The closest adjacent market signal is Microsoft AGT: it shows demand for agent governance, policy verdicts, framework adapters, runtime controls, and compliance evidence. Mandate's bet is lower in the stack. Policy verdicts are necessary, but the hard part is making every side effect pass through the same enforced subject boundary. That is the part Mandate should own.
pip install -e ".[dev]" # runtime dep is just PyYAML; [dev] adds pytest
mandate demo # run the six adversarial scenarios + audit dashboard
mandate demo --isolated # also run the kernel in a separate process (the real boundary)
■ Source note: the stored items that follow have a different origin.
lemma squarefree_N: "squarefree N"
proof (rule squarefreeI)
  fix f assume "f ^ 2 dvd N"
  then obtain g where g: "N = f * f * g"
    by (auto simp: power2_eq_square elim: dvdE)
  then have "pderiv N = f * (f * pderiv g + 2 * (g * pderiv f))"
    by (simp add: pderiv_mult algebra_simps)
  moreover have "pderiv N = smult (of_nat m) (monom 1 (m - 1))"
    by (simp add: N_eq pderiv_diff pderiv_monom smult_monom)
  ultimately have "f dvd monom 1 (m - 1) * 1"
    using m_nonzero by (metis dvd_smult_iff dvd_triv_left mult_1_right)
  moreover have "coeff f 0 \<noteq> 0"
    using g by (intro coeff_0_nonzero_if_dvd_N) (simp add: mult.assoc)
  ultimately show "f dvd 1"
    using dvd_monom_mult_iff by blast
qed

definition bar :: "'a poly \<Rightarrow> 'a poly" where "bar f = normalize (conj_recip q f)"

lemma bar_dvd_iff: "bar f dvd h \<longleftrightarrow> conj_recip q f dvd h"
  by (simp add: bar_def)

context
  fixes f :: "'a poly"
  assumes prime_f: "prime f" and f_dvd_N: "f dvd N"
begin

lemma bar_dvd_N: "bar f dvd N"
  using conj_recip_dvd_N[OF f_dvd_N] by (simp add: bar_dvd_iff)

lemma dvd_sigma_iff_bar_dvd: "f dvd sigma h \<longleftrightarrow> bar f dvd h"
  using dvd_sigma_iff[OF f_dvd_N] by (simp add: bar_dvd_iff)

lemma dvd_conj_recip_iff_bar_dvd: "f dvd conj_recip q h \<longleftrightarrow> bar f dvd h"
  using dvd_conj_recip_iff[OF f_dvd_N] by (simp add: bar_dvd_iff)

lemma bar_dvd_sigma_iff: "bar f dvd sigma h \<longleftrightarrow> f dvd h"
proof -
  have "conj_recip q (conj_recip q f) = f"
    using f_dvd_N by (simp add: conj_recip_conj_recip coeff_0_nonzero_if_dvd_N)
  then show ?thesis
    using dvd_sigma_iff[OF conj_recip_dvd_N[OF f_dvd_N]] by (simp add: bar_dvd_iff)
qed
mandate compile examples/research-assistant/agent.yaml \
examples/research-assistant/agent-compose.yaml \
--org-policy examples/research-assistant/org-policy.yaml
pytest # compiler · kernel · no-bypass · end-to-end demomandate demo walks the contract's §14 demo. Each step is a syscall crossing the kernel:
- read
acme/research→ allowed, charged, audited - write to a branch → draft-only; write to
main→ code-owner approval; nothing ships - semantic-scholar search → API key broker-injected server-side, never in the result
- under simulated injection, the code tool tries to
curlan unapproved host → blocked by egress - memory write with no provenance → rejected; low-trust long-term → held for review
- over budget → killed; every later syscall is refused
The whole run prints as an append-only, hash-chained audit table.
.
├── README.md · ROADMAP.md · pyproject.toml
├── docs/
│ └── mandate-kernel-contract-v0.2.md # the spec / contract
├── examples/
│ └── research-assistant/ # the P0 demo agent
│ ├── agent.yaml # AgentImage (author)
│ ├── agent-compose.yaml # AgentDeployment (installer)
│ ├── org-policy.yaml # OrgPolicy (org admin)
│ ├── prompts/researcher.md # persona (!= principal)
│ └── demo.py # thin runner for the six scenarios
├── src/mandate/
│ ├── model/ # capability algebra + manifest model
│ ├── compiler/ # manifests → effective capability bundle
│ ├── kernel/ # syscall gateway + enforcement subsystems
│ ├── sdk/ # agent-facing syscall client (the only way to act)
│ ├── demo.py · dashboard.py · cli.py # reference demo, audit view, `mandate` CLI
│ └── errors.py
└── tests/ # pytest suite incl. an explicit no-bypass test
Apache-2.0 (add via GitHub's license template, or gh repo create --license apache-2.0).